**EXERCISE**
Start with the first line of the data and end with the line that holds "using \<open>whp M Q\<close>"; write out each one exactly.

::::::::

lemma whp_conj:
  assumes prob: "\<And>n. prob_space (M n)" and "whp M P" and "whp M Q"
  shows "whp M (\<lambda>n r. P n r \<and> Q n r)"
proof -
  obtain E where E: "\<And>n. E n \<in> sets (M n)" "\<And>n. E n \<subseteq> {x \<in> space (M n). P n x}"
    and lim_E: "(\<lambda>n. measure (M n) (E n)) \<longlonglongrightarrow> 1"
    using \<open>whp M P\<close> unfolding whp_def by blast
  obtain F where F: "\<And>n. F n \<in> sets (M n)" "\<And>n. F n \<subseteq> {x \<in> space (M n). Q n x}"
    and lim_F: "(\<lambda>n. measure (M n) (F n)) \<longlonglongrightarrow> 1"
    using \<open>whp M Q\<close> unfolding whp_def by blast
  have lower: "measure (M n) (E n) + measure (M n) (F n) - 1 \<le> measure (M n) (E n \<inter> F n)" for n
    using prob_space_prob_Int_lower[OF prob E(1) F(1)] .
  have upper: "measure (M n) (E n \<inter> F n) \<le> 1" for n
    using prob_space.prob_le_1[OF prob] .
  have "(\<lambda>n. measure (M n) (E n) + measure (M n) (F n) - 1) \<longlonglongrightarrow> 1 + 1 - 1"
    by (rule tendsto_diff[OF tendsto_add[OF lim_E lim_F] tendsto_const])
  then have lim_lower: "(\<lambda>n. measure (M n) (E n) + measure (M n) (F n) - 1) \<longlonglongrightarrow> 1"
    by simp
  have "(\<lambda>n. measure (M n) (E n \<inter> F n)) \<longlonglongrightarrow> 1"
    by (rule tendsto_sandwich[OF _ _ lim_lower tendsto_const]) (simp_all add: lower upper)
  moreover have "E n \<inter> F n \<in> sets (M n)" for n
    using E(1) F(1) by (rule sets.Int)
  moreover have "E n \<inter> F n \<subseteq> {x \<in> space (M n). P n x \<and> Q n x}" for n
    using E(2)[of n] F(2)[of n] by blast
  ultimately show ?thesis unfolding whp_def by (intro exI[of _ "\<lambda>n. E n \<inter> F n"]) simp
qed

lemma finite_subset_mono_family:
  fixes S :: "nat \<Rightarrow> 'a set"
  assumes "finite C" "mono S" "\<And>j. j \<in> C \<Longrightarrow> \<exists>t. j \<in> S t"
  shows "\<exists>T. C \<subseteq> S T"
proof -
  obtain f where f: "\<And>j. j \<in> C \<Longrightarrow> j \<in> S (f j)" using assms(3) by metis
  have "j \<in> S (\<Sum>k\<in>C. f k)" if "j \<in> C" for j
    using f[OF that] monoD[OF assms(2) member_le_sum[OF that _ assms(1)]] by blast
  then show ?thesis by blast
qed

lemma Least_threshold_unit_steps:
  fixes f :: "nat \<Rightarrow> nat"
  assumes step: "\<And>t. f (Suc t) \<le> f t + 1" and "f 0 \<le> W" and "W \<le> f t"
  shows "f (LEAST t. W \<le> f t) = W"
proof -
  define t0 where "t0 = (LEAST t. W \<le> f t)"
  have reached: "W \<le> f t0" unfolding t0_def by (rule LeastI[of _ t]) fact
  show ?thesis
  proof (cases t0)
    case 0
    with reached \<open>f 0 \<le> W\<close> show ?thesis by (simp add: t0_def)
  next
    case (Suc s)
    have "\<not> W \<le> f s" using not_less_Least[of s "\<lambda>t. W \<le> f t"] Suc by (simp add: t0_def)
    with step[of s] reached Suc show ?thesis by (simp add: t0_def)
  qed
qed

lemma same_kind_refl: "same_kind m m"
  by (cases m) auto

lemma same_kind_trans: "same_kind a b \<Longrightarrow> same_kind b c \<Longrightarrow> same_kind a c"
  by (cases a; cases b; cases c) auto

lemma processed_deliv: "processed r i t j m \<Longrightarrow> deliv r i t = Some (j, m)"
  unfolding processed_def by simp

lemma deliv_imp_processed_same_kind:
  assumes "deliv r i t = Some (j, m)"
  shows "\<exists>t' m'. processed r i t' j m' \<and> same_kind m m'"
proof -
  let ?P = "\<lambda>t. \<exists>m'. deliv r i t = Some (j, m') \<and> same_kind m m'"
  have "?P t" using assms same_kind_refl by blast
  define t0 where "t0 = (LEAST t. ?P t)"
  have "?P t0" unfolding t0_def by (rule LeastI) fact
  then obtain m' where m': "deliv r i t0 = Some (j, m')" "same_kind m m'" by blast
  have earlier: "\<not> ?P t'" if "t' < t0" for t'
    using that unfolding t0_def by (rule not_less_Least)
  have "processed r i t0 j m'"
    unfolding processed_def using m' earlier same_kind_trans by blast
  with m' show ?thesis by blast
qed

lemma init_set_mono: "mono (init_set r i)"
  unfolding mono_def init_set_def by (blast intro: less_le_trans)

lemma converge_set_mono: "mono (converge_set r i)"
  unfolding mono_def converge_set_def by (blast intro: less_le_trans)

lemma finite_init_set: "finite (init_set r i t)"
proof (rule finite_subset)
  show "init_set r i t \<subseteq> (\<lambda>t'. fst (the (deliv r i t'))) ` {..<t}"
    unfolding init_set_def processed_def by force
qed simp

lemma finite_converge_set: "finite (converge_set r i t)"
proof (rule finite_subset)
  show "converge_set r i t \<subseteq> (\<lambda>t'. fst (the (deliv r i t'))) ` {..<t}"
    unfolding converge_set_def processed_def by force
qed simp

lemma card_init_set_Suc: "card (init_set r i (Suc t)) \<le> card (init_set r i t) + 1"
proof -
  have "init_set r i (Suc t) \<subseteq> insert (fst (the (deliv r i t))) (init_set r i t)"
    by (auto simp: init_set_def processed_def less_Suc_eq)
  then have "card (init_set r i (Suc t)) \<le> card (insert (fst (the (deliv r i t))) (init_set r i t))"
    by (intro card_mono) (simp_all add: finite_init_set)
  also have "\<dots> \<le> card (init_set r i t) + 1"
    by (simp add: card_insert_if finite_init_set)
  finally show ?thesis .
qed

lemma init_trigger_card:
  assumes "init_trigger W r j = Some t0"
  shows "card (init_set r j t0) = W"
proof -
  obtain t where "W \<le> card (init_set r j t)" and t0: "t0 = (LEAST t. W \<le> card (init_set r j t))"
    using assms unfolding init_trigger_def by (auto split: if_splits)
  moreover have "init_set r j 0 = {}" unfolding init_set_def by simp
  ultimately show ?thesis
    using Least_threshold_unit_steps[of "\<lambda>t. card (init_set r j t)", OF card_init_set_Suc] by simp
qed

text \<open>The None branch is junk: a process that never reaches the INIT threshold sends no
  CONVERGE message.\<close>

definition converge_msg :: "nat \<Rightarrow> 'v run \<Rightarrow> nat \<Rightarrow> 'v msg" where
  "converge_msg W r j =
     (case init_trigger W r j of
        None \<Rightarrow> Converge False None
      | Some t \<Rightarrow> (if init_values r j t = {input r j}
                   then Converge True (Some (input r j, init_set r j t))
                   else Converge False None))"

lemma converge_msg_is_Converge: "\<exists>b q. converge_msg W r j = Converge b q"
  unfolding converge_msg_def by (auto split: option.split)

lemma correct_sends_Converge_iff:
  "correct_sends W r j (Converge b q) \<longleftrightarrow>
     sampled r ConvT j \<and> init_trigger W r j \<noteq> None \<and> converge_msg W r j = Converge b q"
  unfolding correct_sends_def converge_msg_def by (cases "init_trigger W r j") auto

lemma correct_sends_Init_iff:
  "correct_sends W r j (Init v) \<longleftrightarrow> sampled r InitT j \<and> v = input r j"
  unfolding correct_sends_def by (auto split: if_split_asm)

lemma correct_sends_unique:
  "correct_sends W r j m \<Longrightarrow> correct_sends W r j m' \<Longrightarrow> same_kind m m' \<Longrightarrow> m = m'"
  by (cases m; cases m') (simp_all add: correct_sends_Init_iff correct_sends_Converge_iff)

::::::::

**RESULT OF THE TASK**
lemma whp_conj:
  assumes prob: "\<And>n. prob_space (M n)" and "whp M P" and "whp M Q"
  shows "whp M (\<lambda>n r. P n r \<and> Q n r)"
proof -
  obtain E where E: "\<And>n. E n \<in> sets (M n)" "\<And>n. E n \<subseteq> {x \<in> space (M n). P n x}"
    and lim_E: "(\<lambda>n. measure (M n) (E n)) \<longlonglongrightarrow> 1"
    using \<open>whp M P\<close> unfolding whp_def by blast
  obtain F where F: "\<And>n. F n \<in> sets (M n)" "\<And>n. F n \<subseteq> {x \<in> space (M n). Q n x}"
    and lim_F: "(\<lambda>n. measure (M n) (F n)) \<longlonglongrightarrow> 1"
    using \<open>whp M Q\<close> unfolding whp_def by blast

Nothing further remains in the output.